START Task data
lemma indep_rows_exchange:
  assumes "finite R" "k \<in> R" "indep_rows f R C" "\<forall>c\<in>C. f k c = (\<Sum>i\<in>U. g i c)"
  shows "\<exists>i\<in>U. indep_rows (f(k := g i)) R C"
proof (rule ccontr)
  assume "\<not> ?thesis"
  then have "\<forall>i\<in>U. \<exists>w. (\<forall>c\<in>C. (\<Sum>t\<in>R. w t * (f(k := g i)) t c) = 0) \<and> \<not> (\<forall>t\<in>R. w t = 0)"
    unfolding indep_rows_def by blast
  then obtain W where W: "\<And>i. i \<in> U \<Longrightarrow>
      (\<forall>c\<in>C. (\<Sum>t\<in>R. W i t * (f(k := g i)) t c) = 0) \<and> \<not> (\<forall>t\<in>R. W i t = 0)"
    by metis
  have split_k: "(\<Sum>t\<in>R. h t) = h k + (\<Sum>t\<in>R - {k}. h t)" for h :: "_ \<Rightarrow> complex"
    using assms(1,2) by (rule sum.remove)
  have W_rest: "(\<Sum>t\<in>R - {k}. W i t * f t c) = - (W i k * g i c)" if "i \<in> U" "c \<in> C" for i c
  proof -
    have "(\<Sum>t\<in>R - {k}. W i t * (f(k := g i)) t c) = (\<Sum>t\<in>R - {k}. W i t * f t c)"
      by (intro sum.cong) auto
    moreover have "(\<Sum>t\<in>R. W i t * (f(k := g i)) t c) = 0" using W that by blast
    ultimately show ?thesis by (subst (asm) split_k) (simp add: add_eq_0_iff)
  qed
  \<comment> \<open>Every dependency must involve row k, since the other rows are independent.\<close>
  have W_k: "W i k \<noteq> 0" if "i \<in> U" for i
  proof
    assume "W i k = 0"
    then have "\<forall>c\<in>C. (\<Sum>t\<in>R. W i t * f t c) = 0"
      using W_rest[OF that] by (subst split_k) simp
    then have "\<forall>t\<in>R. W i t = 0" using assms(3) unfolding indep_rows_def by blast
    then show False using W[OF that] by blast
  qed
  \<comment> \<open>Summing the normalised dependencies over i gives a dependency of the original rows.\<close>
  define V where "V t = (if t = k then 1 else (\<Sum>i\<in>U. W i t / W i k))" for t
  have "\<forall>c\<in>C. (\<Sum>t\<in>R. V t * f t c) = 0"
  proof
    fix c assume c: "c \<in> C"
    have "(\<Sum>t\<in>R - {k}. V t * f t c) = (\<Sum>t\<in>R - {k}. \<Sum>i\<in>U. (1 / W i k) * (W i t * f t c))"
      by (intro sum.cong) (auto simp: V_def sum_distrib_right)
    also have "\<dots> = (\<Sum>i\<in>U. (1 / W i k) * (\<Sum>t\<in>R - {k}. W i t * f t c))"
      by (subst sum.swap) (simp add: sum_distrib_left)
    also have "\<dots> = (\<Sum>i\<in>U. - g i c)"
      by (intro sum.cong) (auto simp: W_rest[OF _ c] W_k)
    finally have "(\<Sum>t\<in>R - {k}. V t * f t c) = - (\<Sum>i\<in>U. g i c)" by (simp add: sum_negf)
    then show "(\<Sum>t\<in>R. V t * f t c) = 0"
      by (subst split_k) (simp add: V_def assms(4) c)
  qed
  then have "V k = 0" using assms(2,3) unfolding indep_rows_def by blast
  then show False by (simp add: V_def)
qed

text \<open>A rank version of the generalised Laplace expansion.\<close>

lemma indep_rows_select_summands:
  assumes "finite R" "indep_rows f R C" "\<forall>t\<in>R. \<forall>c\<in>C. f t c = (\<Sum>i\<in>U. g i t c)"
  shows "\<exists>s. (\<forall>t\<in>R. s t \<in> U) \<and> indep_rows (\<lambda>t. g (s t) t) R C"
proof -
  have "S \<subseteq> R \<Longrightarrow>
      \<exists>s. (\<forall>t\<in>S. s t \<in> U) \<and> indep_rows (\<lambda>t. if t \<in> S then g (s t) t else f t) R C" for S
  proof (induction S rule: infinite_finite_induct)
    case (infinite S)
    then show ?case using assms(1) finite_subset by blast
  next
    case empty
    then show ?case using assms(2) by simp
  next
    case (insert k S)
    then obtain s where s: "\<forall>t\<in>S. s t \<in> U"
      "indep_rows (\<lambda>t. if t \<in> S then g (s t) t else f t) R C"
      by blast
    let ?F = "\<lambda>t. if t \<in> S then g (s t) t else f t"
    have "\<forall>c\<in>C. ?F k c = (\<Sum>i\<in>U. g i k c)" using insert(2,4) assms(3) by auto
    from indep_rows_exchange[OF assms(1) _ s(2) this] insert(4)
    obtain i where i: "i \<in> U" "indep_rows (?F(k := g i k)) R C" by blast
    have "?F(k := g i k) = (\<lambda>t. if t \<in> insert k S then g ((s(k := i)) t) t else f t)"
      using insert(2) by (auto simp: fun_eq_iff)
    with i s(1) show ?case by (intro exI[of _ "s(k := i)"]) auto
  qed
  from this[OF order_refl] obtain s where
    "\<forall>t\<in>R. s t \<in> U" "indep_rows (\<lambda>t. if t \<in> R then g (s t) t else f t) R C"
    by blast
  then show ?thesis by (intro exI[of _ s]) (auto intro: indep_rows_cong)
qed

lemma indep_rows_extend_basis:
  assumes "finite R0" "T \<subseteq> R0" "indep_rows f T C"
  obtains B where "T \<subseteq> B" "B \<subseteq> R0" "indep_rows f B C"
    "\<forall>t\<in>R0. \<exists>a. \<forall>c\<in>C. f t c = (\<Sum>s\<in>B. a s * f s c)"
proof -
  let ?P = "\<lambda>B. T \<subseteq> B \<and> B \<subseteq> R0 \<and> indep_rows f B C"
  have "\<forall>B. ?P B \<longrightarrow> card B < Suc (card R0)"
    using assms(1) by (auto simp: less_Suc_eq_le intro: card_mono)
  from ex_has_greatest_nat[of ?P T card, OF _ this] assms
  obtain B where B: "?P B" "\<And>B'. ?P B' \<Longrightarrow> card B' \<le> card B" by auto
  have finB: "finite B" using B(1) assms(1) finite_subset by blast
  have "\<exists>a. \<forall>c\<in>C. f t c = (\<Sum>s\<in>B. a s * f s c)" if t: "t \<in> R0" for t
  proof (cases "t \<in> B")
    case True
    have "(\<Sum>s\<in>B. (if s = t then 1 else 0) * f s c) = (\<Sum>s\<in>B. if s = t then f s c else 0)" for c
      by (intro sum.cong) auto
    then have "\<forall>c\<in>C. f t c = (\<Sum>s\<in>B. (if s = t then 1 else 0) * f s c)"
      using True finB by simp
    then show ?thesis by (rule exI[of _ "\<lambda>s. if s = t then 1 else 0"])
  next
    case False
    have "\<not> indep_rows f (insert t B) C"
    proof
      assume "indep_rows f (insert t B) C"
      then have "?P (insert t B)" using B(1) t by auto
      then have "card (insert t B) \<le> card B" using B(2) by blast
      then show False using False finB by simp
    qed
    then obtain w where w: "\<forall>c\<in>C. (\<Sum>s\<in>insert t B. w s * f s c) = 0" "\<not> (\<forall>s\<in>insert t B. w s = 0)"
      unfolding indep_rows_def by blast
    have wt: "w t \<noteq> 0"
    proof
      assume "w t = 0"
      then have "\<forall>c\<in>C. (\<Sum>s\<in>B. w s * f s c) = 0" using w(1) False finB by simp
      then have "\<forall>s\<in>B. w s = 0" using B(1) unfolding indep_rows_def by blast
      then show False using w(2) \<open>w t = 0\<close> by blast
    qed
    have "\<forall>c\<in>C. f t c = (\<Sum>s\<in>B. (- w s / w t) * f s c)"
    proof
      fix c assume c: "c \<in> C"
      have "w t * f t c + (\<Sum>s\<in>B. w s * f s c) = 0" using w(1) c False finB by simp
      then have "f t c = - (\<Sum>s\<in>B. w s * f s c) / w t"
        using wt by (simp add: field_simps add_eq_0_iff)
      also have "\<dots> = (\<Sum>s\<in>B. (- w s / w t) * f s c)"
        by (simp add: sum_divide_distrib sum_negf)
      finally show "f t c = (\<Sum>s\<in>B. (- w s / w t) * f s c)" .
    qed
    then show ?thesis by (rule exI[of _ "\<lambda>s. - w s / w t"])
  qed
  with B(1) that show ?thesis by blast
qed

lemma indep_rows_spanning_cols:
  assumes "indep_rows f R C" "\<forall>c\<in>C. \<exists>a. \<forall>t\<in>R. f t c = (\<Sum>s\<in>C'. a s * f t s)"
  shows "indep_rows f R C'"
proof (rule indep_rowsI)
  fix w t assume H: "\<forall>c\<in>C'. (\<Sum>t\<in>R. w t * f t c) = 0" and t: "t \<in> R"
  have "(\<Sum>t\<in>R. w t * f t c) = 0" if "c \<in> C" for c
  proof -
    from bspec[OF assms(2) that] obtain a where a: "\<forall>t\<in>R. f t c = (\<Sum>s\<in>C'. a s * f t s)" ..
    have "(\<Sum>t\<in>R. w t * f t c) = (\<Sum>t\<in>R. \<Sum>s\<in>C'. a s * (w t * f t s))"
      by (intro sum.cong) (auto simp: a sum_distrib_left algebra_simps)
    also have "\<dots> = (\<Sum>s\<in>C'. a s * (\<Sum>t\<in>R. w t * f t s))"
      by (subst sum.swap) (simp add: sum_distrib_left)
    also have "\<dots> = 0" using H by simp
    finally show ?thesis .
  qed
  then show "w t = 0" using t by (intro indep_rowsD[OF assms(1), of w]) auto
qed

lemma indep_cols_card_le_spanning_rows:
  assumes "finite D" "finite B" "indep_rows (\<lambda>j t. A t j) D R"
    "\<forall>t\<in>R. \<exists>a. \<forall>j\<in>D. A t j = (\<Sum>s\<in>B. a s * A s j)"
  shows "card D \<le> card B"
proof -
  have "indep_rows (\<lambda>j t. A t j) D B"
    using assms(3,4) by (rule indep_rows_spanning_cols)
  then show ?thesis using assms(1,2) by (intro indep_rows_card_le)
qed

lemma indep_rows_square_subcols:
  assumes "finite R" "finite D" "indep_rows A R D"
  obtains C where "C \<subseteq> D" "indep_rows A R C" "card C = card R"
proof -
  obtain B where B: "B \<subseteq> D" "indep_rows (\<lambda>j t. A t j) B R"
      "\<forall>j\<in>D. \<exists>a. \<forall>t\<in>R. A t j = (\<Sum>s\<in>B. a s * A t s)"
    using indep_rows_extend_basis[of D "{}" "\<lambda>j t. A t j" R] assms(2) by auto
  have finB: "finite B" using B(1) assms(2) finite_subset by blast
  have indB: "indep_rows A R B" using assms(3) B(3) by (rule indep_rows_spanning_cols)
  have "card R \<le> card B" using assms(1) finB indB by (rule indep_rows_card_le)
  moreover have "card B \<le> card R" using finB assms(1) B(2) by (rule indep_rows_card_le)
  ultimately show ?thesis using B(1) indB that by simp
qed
END Task data
Copy out every line of the listing that contains the string "this".

=== Your response ===
    from indep_rows_exchange[OF assms(1) _ s(2) this] insert(4)
  from this[OF order_refl] obtain s where
  from ex_has_greatest_nat[of ?P T card, OF _ this] assms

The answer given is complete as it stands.